# Problem:
Copy the listing out in full. Keep every word as it is.

# Dataset content:
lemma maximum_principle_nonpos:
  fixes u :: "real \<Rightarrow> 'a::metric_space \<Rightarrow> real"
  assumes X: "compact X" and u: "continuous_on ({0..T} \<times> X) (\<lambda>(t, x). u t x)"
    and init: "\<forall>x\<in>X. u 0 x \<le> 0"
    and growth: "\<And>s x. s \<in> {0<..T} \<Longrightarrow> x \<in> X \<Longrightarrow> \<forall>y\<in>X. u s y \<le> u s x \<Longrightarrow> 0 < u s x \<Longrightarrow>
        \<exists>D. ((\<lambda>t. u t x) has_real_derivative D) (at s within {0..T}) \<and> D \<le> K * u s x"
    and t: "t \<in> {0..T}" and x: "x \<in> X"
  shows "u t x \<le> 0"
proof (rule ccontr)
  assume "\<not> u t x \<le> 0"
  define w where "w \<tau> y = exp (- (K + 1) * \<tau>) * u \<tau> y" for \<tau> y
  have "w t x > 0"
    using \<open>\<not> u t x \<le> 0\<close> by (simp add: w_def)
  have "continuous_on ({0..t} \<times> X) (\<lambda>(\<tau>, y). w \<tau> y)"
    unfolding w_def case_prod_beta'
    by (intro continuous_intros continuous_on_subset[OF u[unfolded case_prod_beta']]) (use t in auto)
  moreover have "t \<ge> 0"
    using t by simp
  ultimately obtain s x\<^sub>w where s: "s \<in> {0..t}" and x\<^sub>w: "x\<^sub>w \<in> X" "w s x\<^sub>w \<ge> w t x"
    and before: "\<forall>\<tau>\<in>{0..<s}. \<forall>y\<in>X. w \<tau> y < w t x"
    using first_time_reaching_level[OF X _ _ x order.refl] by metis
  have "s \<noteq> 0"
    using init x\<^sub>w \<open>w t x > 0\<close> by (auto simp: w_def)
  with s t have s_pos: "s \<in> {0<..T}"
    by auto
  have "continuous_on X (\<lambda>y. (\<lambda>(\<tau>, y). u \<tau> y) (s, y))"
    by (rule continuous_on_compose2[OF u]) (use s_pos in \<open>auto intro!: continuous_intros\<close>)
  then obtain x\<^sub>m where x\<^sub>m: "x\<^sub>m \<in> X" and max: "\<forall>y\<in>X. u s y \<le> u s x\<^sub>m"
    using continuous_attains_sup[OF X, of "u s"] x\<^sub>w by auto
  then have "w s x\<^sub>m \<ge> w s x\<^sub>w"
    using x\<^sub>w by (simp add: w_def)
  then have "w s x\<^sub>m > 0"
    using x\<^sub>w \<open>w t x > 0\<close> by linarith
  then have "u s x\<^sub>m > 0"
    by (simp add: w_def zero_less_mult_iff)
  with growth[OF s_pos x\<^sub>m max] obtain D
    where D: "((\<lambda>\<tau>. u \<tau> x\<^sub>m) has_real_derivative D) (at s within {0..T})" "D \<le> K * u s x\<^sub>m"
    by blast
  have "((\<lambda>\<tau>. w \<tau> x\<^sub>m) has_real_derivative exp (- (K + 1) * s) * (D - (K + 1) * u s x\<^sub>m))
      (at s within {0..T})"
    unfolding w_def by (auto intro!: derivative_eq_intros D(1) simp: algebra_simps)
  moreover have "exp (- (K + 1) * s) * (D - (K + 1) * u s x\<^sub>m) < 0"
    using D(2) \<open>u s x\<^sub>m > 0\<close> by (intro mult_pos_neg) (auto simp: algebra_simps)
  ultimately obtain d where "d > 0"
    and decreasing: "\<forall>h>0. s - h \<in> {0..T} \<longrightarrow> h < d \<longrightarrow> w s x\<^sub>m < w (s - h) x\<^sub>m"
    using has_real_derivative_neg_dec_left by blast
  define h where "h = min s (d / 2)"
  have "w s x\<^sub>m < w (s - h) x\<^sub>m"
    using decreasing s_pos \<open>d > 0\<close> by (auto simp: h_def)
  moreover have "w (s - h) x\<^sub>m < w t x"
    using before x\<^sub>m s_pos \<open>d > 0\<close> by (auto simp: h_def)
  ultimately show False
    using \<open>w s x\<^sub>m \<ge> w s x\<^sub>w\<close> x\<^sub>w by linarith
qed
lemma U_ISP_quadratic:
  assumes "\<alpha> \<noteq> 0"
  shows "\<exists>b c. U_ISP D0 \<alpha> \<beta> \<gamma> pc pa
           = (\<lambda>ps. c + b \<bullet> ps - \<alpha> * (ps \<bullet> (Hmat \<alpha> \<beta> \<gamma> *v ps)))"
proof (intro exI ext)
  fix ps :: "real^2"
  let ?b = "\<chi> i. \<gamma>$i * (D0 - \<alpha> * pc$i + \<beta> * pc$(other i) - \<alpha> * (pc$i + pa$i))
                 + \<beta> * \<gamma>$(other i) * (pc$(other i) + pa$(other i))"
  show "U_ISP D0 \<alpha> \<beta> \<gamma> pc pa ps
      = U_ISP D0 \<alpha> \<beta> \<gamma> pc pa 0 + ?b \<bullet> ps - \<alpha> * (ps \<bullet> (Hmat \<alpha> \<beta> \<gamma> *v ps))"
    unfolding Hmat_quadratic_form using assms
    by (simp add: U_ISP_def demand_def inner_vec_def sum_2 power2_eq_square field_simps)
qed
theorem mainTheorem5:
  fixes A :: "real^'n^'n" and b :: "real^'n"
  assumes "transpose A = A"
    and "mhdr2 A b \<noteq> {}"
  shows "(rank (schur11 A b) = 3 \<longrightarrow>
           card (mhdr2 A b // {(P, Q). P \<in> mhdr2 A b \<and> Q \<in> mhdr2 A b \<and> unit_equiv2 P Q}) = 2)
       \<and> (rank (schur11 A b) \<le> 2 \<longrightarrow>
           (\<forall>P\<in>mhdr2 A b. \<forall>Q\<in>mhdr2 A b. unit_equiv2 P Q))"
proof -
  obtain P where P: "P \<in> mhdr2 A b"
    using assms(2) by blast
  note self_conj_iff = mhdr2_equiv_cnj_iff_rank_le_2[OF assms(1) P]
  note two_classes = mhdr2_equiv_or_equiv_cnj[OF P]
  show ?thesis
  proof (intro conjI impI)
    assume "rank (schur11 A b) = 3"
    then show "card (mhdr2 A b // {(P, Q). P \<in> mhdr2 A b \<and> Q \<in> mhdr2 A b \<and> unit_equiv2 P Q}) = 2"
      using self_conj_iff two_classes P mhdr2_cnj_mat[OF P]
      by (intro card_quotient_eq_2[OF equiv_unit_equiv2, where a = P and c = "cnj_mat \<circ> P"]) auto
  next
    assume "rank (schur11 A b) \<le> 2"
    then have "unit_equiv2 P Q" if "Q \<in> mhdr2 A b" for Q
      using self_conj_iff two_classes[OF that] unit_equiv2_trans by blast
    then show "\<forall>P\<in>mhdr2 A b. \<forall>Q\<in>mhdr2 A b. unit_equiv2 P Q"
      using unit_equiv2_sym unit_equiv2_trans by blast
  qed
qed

# Answer for the task:
lemma maximum_principle_nonpos:
  fixes u :: "real \<Rightarrow> 'a::metric_space \<Rightarrow> real"
  assumes X: "compact X" and u: "continuous_on ({0..T} \<times> X) (\<lambda>(t, x). u t x)"
    and init: "\<forall>x\<in>X. u 0 x \<le> 0"
    and growth: "\<And>s x. s \<in> {0<..T} \<Longrightarrow> x \<in> X \<Longrightarrow> \<forall>y\<in>X. u s y \<le> u s x \<Longrightarrow> 0 < u s x \<Longrightarrow>
        \<exists>D. ((\<lambda>t. u t x) has_real_derivative D) (at s within {0..T}) \<and> D \<le> K * u s x"
    and t: "t \<in> {0..T}" and x: "x \<in> X"
  shows "u t x \<le> 0"
proof (rule ccontr)
  assume "\<not> u t x \<le> 0"
  define w where "w \<tau> y = exp (- (K + 1) * \<tau>) * u \<tau> y" for \<tau> y
  have "w t x > 0"
    using \<open>\<not> u t x \<le> 0\<close> by (simp add: w_def)
  have "continuous_on ({0..t} \<times> X) (\<lambda>(\<tau>, y). w \<tau> y)"
    unfolding w_def case_prod_beta'
    by (intro continuous_intros continuous_on_subset[OF u[unfolded case_prod_beta']]) (use t in auto)
  moreover have "t \<ge> 0"
    using t by simp
  ultimately obtain s x\<^sub>w where s: "s \<in> {0..t}" and x\<^sub>w: "x\<^sub>w \<in> X" "w s x\<^sub>w \<ge> w t x"
    and before: "\<forall>\<tau>\<in>{0..<s}. \<forall>y\<in>X. w \<tau> y < w t x"
    using first_time_reaching_level[OF X _ _ x order.refl] by metis
  have "s \<noteq> 0"
    using init x\<^sub>w \<open>w t x > 0\<close> by (auto simp: w_def)
  with s t have s_pos: "s \<in> {0<..T}"
    by auto
  have "continuous_on X (\<lambda>y. (\<lambda>(\<tau>, y). u \<tau> y) (s, y))"
    by (rule continuous_on_compose2[OF u]) (use s_pos in \<open>auto intro!: continuous_intros\<close>)
  then obtain x\<^sub>m where x\<^sub>m: "x\<^sub>m \<in> X" and max: "\<forall>y\<in>X. u s y \<le> u s x\<^sub>m"
    using continuous_attains_sup[OF X, of "u s"] x\<^sub>w by auto
  then have "w s x\<^sub>m \<ge> w s x\<^sub>w"
    using x\<^sub>w by (simp add: w_def)
  then have "w s x\<^sub>m > 0"
    using x\<^sub>w \<open>w t x > 0\<close> by linarith
  then have "u s x\<^sub>m > 0"
    by (simp add: w_def zero_less_mult_iff)
  with growth[OF s_pos x\<^sub>m max] obtain D
    where D: "((\<lambda>\<tau>. u \<tau> x\<^sub>m) has_real_derivative D) (at s within {0..T})" "D \<le> K * u s x\<^sub>m"
    by blast
  have "((\<lambda>\<tau>. w \<tau> x\<^sub>m) has_real_derivative exp (- (K + 1) * s) * (D - (K + 1) * u s x\<^sub>m))
      (at s within {0..T})"
    unfolding w_def by (auto intro!: derivative_eq_intros D(1) simp: algebra_simps)
  moreover have "exp (- (K + 1) * s) * (D - (K + 1) * u s x\<^sub>m) < 0"
    using D(2) \<open>u s x\<^sub>m > 0\<close> by (intro mult_pos_neg) (auto simp: algebra_simps)
  ultimately obtain d where "d > 0"
    and decreasing: "\<forall>h>0. s - h \<in> {0..T} \<longrightarrow> h < d \<longrightarrow> w s x\<^sub>m < w (s - h) x\<^sub>m"
    using has_real_derivative_neg_dec_left by blast
  define h where "h = min s (d / 2)"
  have "w s x\<^sub>m < w (s - h) x\<^sub>m"
    using decreasing s_pos \<open>d > 0\<close> by (auto simp: h_def)
  moreover have "w (s - h) x\<^sub>m < w t x"
    using before x\<^sub>m s_pos \<open>d > 0\<close> by (auto simp: h_def)
  ultimately show False
    using \<open>w s x\<^sub>m \<ge> w s x\<^sub>w\<close> x\<^sub>w by linarith
qed
lemma U_ISP_quadratic:
  assumes "\<alpha> \<noteq> 0"
  shows "\<exists>b c. U_ISP D0 \<alpha> \<beta> \<gamma> pc pa
           = (\<lambda>ps. c + b \<bullet> ps - \<alpha> * (ps \<bullet> (Hmat \<alpha> \<beta> \<gamma> *v ps)))"
proof (intro exI ext)
  fix ps :: "real^2"
  let ?b = "\<chi> i. \<gamma>$i * (D0 - \<alpha> * pc$i + \<beta> * pc$(other i) - \<alpha> * (pc$i + pa$i))
                 + \<beta> * \<gamma>$(other i) * (pc$(other i) + pa$(other i))"
  show "U_ISP D0 \<alpha> \<beta> \<gamma> pc pa ps
      = U_ISP D0 \<alpha> \<beta> \<gamma> pc pa 0 + ?b \<bullet> ps - \<alpha> * (ps \<bullet> (Hmat \<alpha> \<beta> \<gamma> *v ps))"
    unfolding Hmat_quadratic_form using assms
    by (simp add: U_ISP_def demand_def inner_vec_def sum_2 power2_eq_square field_simps)
qed
theorem mainTheorem5:
  fixes A :: "real^'n^'n" and b :: "real^'n"
  assumes "transpose A = A"
    and "mhdr2 A b \<noteq> {}"
  shows "(rank (schur11 A b) = 3 \<longrightarrow>
           card (mhdr2 A b // {(P, Q). P \<in> mhdr2 A b \<and> Q \<in> mhdr2 A b \<and> unit_equiv2 P Q}) = 2)
       \<and> (rank (schur11 A b) \<le> 2 \<longrightarrow>
           (\<forall>P\<in>mhdr2 A b. \<forall>Q\<in>mhdr2 A b. unit_equiv2 P Q))"
proof -
  obtain P where P: "P \<in> mhdr2 A b"
    using assms(2) by blast
  note self_conj_iff = mhdr2_equiv_cnj_iff_rank_le_2[OF assms(1) P]
  note two_classes = mhdr2_equiv_or_equiv_cnj[OF P]
  show ?thesis
  proof (intro conjI impI)
    assume "rank (schur11 A b) = 3"
    then show "card (mhdr2 A b // {(P, Q). P \<in> mhdr2 A b \<and> Q \<in> mhdr2 A b \<and> unit_equiv2 P Q}) = 2"
      using self_conj_iff two_classes P mhdr2_cnj_mat[OF P]
      by (intro card_quotient_eq_2[OF equiv_unit_equiv2, where a = P and c = "cnj_mat \<circ> P"]) auto
  next
    assume "rank (schur11 A b) \<le> 2"
    then have "unit_equiv2 P Q" if "Q \<in> mhdr2 A b" for Q
      using self_conj_iff two_classes[OF that] unit_equiv2_trans by blast
    then show "\<forall>P\<in>mhdr2 A b. \<forall>Q\<in>mhdr2 A b. unit_equiv2 P Q"
      using unit_equiv2_sym unit_equiv2_trans by blast
  qed
qed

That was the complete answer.